What to work on: Of the entries below, return exactly those lines that fall between the one containing "- D) \<longlongrightarrow>" and the one containing "proof (intro exI[of", the two end lines included.
Data supplied section start
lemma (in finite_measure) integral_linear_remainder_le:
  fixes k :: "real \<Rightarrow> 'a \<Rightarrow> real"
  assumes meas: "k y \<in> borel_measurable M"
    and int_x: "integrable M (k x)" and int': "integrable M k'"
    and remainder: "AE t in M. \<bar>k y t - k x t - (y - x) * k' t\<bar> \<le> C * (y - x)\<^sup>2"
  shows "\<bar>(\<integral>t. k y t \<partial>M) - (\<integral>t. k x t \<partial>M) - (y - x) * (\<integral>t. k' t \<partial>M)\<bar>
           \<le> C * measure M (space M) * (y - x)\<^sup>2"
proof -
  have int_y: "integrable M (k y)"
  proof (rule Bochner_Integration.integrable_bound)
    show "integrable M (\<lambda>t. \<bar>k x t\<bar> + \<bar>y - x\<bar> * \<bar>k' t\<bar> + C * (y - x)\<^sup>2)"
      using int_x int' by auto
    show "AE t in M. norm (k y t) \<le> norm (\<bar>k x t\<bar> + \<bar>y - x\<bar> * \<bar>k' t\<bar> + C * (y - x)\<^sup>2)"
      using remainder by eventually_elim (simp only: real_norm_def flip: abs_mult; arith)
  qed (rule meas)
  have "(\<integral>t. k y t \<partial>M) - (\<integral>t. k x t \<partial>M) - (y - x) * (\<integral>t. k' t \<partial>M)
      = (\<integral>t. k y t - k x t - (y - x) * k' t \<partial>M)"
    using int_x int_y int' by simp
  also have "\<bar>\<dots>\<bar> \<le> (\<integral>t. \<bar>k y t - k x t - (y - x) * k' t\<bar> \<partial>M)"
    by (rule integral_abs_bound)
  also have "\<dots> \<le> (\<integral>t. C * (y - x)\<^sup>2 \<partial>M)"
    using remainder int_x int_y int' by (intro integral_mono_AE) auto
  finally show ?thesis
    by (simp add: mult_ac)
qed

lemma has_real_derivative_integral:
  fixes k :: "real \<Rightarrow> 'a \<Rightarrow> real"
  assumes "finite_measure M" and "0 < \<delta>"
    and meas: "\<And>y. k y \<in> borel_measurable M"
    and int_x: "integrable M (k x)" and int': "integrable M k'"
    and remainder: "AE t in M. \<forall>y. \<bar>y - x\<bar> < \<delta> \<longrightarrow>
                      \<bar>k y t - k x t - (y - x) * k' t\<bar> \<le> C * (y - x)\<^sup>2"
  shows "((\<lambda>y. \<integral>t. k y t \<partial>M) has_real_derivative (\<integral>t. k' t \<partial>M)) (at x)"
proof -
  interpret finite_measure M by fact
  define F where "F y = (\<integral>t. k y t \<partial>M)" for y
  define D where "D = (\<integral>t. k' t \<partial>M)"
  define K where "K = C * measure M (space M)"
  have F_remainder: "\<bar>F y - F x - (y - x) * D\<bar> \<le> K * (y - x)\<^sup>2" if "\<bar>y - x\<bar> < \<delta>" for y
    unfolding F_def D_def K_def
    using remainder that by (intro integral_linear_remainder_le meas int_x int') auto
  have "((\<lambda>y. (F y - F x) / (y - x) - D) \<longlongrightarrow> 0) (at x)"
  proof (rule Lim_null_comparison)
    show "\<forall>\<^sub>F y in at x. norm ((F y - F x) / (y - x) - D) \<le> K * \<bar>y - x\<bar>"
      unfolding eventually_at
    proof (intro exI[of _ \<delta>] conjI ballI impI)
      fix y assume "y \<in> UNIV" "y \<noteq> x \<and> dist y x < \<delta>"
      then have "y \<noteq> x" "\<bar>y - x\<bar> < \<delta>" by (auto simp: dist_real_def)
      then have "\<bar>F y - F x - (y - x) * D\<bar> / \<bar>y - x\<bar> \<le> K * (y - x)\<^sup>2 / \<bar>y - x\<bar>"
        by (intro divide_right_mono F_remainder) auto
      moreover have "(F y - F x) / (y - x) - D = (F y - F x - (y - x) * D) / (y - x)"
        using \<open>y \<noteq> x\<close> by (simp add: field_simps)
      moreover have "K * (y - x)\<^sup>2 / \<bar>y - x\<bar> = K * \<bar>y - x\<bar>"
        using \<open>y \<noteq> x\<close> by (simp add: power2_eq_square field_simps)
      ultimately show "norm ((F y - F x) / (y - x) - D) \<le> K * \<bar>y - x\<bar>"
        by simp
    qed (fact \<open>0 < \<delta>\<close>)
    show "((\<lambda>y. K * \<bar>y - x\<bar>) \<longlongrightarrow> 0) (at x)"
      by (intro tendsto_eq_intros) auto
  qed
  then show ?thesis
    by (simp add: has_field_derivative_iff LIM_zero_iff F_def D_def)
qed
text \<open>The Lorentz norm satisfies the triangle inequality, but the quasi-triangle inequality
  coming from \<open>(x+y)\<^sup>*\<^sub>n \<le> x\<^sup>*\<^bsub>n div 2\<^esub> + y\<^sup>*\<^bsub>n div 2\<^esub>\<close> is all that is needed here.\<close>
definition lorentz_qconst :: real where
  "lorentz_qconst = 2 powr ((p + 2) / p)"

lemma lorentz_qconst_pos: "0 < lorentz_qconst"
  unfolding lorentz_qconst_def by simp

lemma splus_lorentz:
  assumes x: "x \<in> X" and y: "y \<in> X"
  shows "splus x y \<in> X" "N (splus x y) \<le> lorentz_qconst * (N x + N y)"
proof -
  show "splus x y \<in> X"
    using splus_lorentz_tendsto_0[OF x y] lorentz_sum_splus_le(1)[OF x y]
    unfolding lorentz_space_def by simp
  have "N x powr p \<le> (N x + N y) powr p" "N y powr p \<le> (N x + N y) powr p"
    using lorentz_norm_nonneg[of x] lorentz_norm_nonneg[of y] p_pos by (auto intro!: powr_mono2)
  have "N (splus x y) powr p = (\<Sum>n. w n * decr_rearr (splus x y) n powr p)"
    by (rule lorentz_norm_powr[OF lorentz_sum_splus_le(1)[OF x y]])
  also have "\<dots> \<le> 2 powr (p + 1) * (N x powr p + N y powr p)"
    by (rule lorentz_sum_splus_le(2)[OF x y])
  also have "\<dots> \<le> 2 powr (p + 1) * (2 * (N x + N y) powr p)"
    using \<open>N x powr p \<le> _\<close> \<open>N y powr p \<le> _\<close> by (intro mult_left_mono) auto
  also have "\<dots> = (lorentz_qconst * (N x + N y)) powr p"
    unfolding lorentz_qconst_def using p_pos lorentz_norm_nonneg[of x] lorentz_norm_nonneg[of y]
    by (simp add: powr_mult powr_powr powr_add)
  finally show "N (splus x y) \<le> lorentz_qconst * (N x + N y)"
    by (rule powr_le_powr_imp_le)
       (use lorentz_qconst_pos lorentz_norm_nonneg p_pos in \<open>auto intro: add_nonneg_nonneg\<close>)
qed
Data supplied section end
Output for this exercise:
  have "((\<lambda>y. (F y - F x) / (y - x) - D) \<longlongrightarrow> 0) (at x)"
  proof (rule Lim_null_comparison)
    show "\<forall>\<^sub>F y in at x. norm ((F y - F x) / (y - x) - D) \<le> K * \<bar>y - x\<bar>"
      unfolding eventually_at
    proof (intro exI[of _ \<delta>] conjI ballI impI)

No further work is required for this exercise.